lemma fiber_gens_subset_fiber_inequalities: "fiber_gens n r \<subseteq> fiber_inequalities n r"
proof
  fix g assume "g \<in> fiber_gens n r"
  then consider (exceptional) i where "i < r" "g = unitv (n + i)"
    | (fiber) j i where "j < n" "i < r" "g = (\<lambda>k. unitv j k - unitv (n + i) k)"
    unfolding fiber_gens_def by blast
  then show "g \<in> fiber_inequalities n r"
  proof cases
    case exceptional
    then show ?thesis
      by (auto simp: fiber_inequalities_def unitv_def intro!: sum_nonneg)
  next
    case fiber
    have "\<forall>k\<ge>n + r. g k = 0" "\<forall>l<n. 0 \<le> g l"
      using fiber by (auto simp: unitv_def)
    moreover have "0 \<le> (\<Sum>l<n. g l) + (\<Sum>i'\<in>S. g (n + i'))" if "S \<subseteq> {..<r}" for S
    proof -
      have "(\<Sum>l<n. g l) = 1"
        using fiber by (simp add: unitv_def)
      moreover have "(\<Sum>i'\<in>S. g (n + i')) = - (if i \<in> S then 1 else 0)"
        using fiber finite_subset[OF that] by (simp add: unitv_def sum_negf)
      ultimately show ?thesis by simp
    qed
    ultimately show ?thesis
      unfolding fiber_inequalities_def by blast
  qed
qed

lemma fiber_weights_exist:
  fixes A :: real and b :: "nat \<Rightarrow> real"
  assumes "r \<ge> 1" and "\<forall>S\<subseteq>{..<r}. 0 \<le> A + (\<Sum>i\<in>S. b i)"
  shows "\<exists>\<theta>. (\<forall>i. 0 \<le> \<theta> i) \<and> (\<Sum>i<r. \<theta> i) = 1 \<and> (\<forall>i<r. 0 \<le> b i + A * \<theta> i)"
proof -
  define M where "M i = max 0 (- b i)" for i
  define Ms where "Ms = (\<Sum>i<r. M i)"
  have "0 \<le> A" using assms(2) by auto
  have "(\<Sum>i\<in>{i\<in>{..<r}. b i < 0}. b i) = (\<Sum>i<r. if b i < 0 then b i else 0)"
    by (rule sum.inter_filter) simp
  also have "\<dots> = - Ms"
    unfolding Ms_def M_def sum_negf[symmetric] by (intro sum.cong) auto
  finally have "(\<Sum>i\<in>{i\<in>{..<r}. b i < 0}. b i) = - Ms" .
  moreover have "0 \<le> A + (\<Sum>i\<in>{i\<in>{..<r}. b i < 0}. b i)"
    by (rule assms(2)[rule_format]) auto
  ultimately have "Ms \<le> A" by linarith
  show ?thesis
  proof (cases "A = 0")
    case True
    have "0 \<le> b i" if "i < r" for i
      using assms(2)[rule_format, of "{i}"] that True by simp
    moreover have "(\<Sum>i<r. (if i = 0 then 1 else 0 :: real)) = 1"
      using assms(1) by simp
    ultimately show ?thesis
      using True by (intro exI[of _ "\<lambda>i. if i = 0 then 1 else 0"]) simp
  next
    case False
    with \<open>0 \<le> A\<close> have "A > 0" by simp
    define \<theta> where "\<theta> i = (M i + (if i = 0 then A - Ms else 0)) / A" for i
    have "(\<Sum>i<r. \<theta> i) = (\<Sum>i<r. M i + (if i = 0 then A - Ms else 0)) / A"
      by (simp add: \<theta>_def sum_divide_distrib)
    also have "\<dots> = (Ms + (A - Ms)) / A"
      using assms(1) by (simp add: sum.distrib Ms_def)
    also have "\<dots> = 1"
      using \<open>A > 0\<close> by simp
    finally have "(\<Sum>i<r. \<theta> i) = 1" .
    moreover have "0 \<le> \<theta> i" for i
      using \<open>A > 0\<close> \<open>Ms \<le> A\<close> by (simp add: \<theta>_def M_def)
    moreover have "0 \<le> b i + A * \<theta> i" for i
      using \<open>A > 0\<close> \<open>Ms \<le> A\<close> by (simp add: \<theta>_def M_def max_def)
    ultimately show ?thesis
      by blast
  qed
qed

lemma sum_mult_unitv:
  assumes "finite J"
  shows "(\<Sum>j\<in>J. f j * unitv j k) = (if k \<in> J then f k else 0)"
proof -
  have "(\<Sum>j\<in>J. f j * unitv j k) = (\<Sum>j\<in>J. if j = k then f k else 0)"
    by (intro sum.cong) (auto simp: unitv_def)
  then show ?thesis
    using assms by simp
qed

lemma fiber_inequalities_subset_cone_fibers:
  assumes "r \<ge> 1"
  shows "fiber_inequalities n r \<subseteq> cone_fibers n r"
proof
  fix v assume v: "v \<in> fiber_inequalities n r"
  define A where "A = (\<Sum>j<n. v j)"
  obtain \<theta> where \<theta>: "\<forall>i. 0 \<le> \<theta> i" "(\<Sum>i<r. \<theta> i) = 1" "\<forall>i<r. 0 \<le> v (n + i) + A * \<theta> i"
    using fiber_weights_exist[OF assms, of A "\<lambda>i. v (n + i)"] v
    by (auto simp: fiber_inequalities_def A_def)
  define E where "E k = (\<Sum>i<r. (v (n + i) + A * \<theta> i) * unitv (n + i) k)" for k
  define H where "H k = (\<Sum>(i, j)\<in>{..<r} \<times> {..<n}. (v j * \<theta> i) * (unitv j k - unitv (n + i) k))" for k
  have "E \<in> gen_cone (fiber_gens n r)"
    unfolding E_def using \<theta>(3) by (intro gen_cone_sum) (auto simp: fiber_gens_def)
  moreover have "H \<in> gen_cone (fiber_gens n r)"
    unfolding H_def split_beta
    using v \<theta>(1) by (intro gen_cone_sum) (auto simp: fiber_gens_def fiber_inequalities_def)
  ultimately have "(\<lambda>k. E k + H k) \<in> cone_fibers n r"
    unfolding cone_fibers_eq_gen_cone by (rule gen_cone_add)
  moreover have "E k + H k = v k" for k
  proof -
    have "H k = (\<Sum>i<r. \<Sum>j<n. v j * \<theta> i * unitv j k) - (\<Sum>i<r. (\<Sum>j<n. v j) * \<theta> i * unitv (n + i) k)"
      unfolding H_def sum.cartesian_product[symmetric]
      by (simp add: right_diff_distrib sum_subtractf sum_distrib_right)
    also have "\<dots> = (\<Sum>i<r. if k < n then v k * \<theta> i else 0) - (\<Sum>i<r. A * \<theta> i * unitv (n + i) k)"
      by (simp add: sum_mult_unitv[where f = "\<lambda>j. v j * _"] A_def)
    also have "\<dots> = (if k < n then v k else 0) - (\<Sum>i<r. A * \<theta> i * unitv (n + i) k)"
      using \<theta>(2) by (simp add: sum_distrib_left[symmetric])
    finally have "H k = (if k < n then v k else 0) - (\<Sum>i<r. A * \<theta> i * unitv (n + i) k)" .
    moreover have "E k = (\<Sum>i<r. v (n + i) * unitv (n + i) k) + (\<Sum>i<r. A * \<theta> i * unitv (n + i) k)"
      by (simp add: E_def distrib_right sum.distrib)
    moreover have "(\<Sum>i<r. v (n + i) * unitv (n + i) k) = (\<Sum>j\<in>{n..<n + r}. v j * unitv j k)"
      using sum.atLeastLessThan_shift_bounds[of "\<lambda>j. v j * unitv j k" 0 n r]
      by (simp add: atLeast0LessThan add.commute)
    ultimately show ?thesis
      using v by (auto simp: sum_mult_unitv fiber_inequalities_def)
  qed
  ultimately show "v \<in> cone_fibers n r" by simp
qed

--- --- ---

Required work - Show every line from the listing above in which the string "that" appears.

Exercise output -
        using fiber finite_subset[OF that] by (simp add: unitv_def sum_negf)
      using assms(2)[rule_format, of "{i}"] that True by simp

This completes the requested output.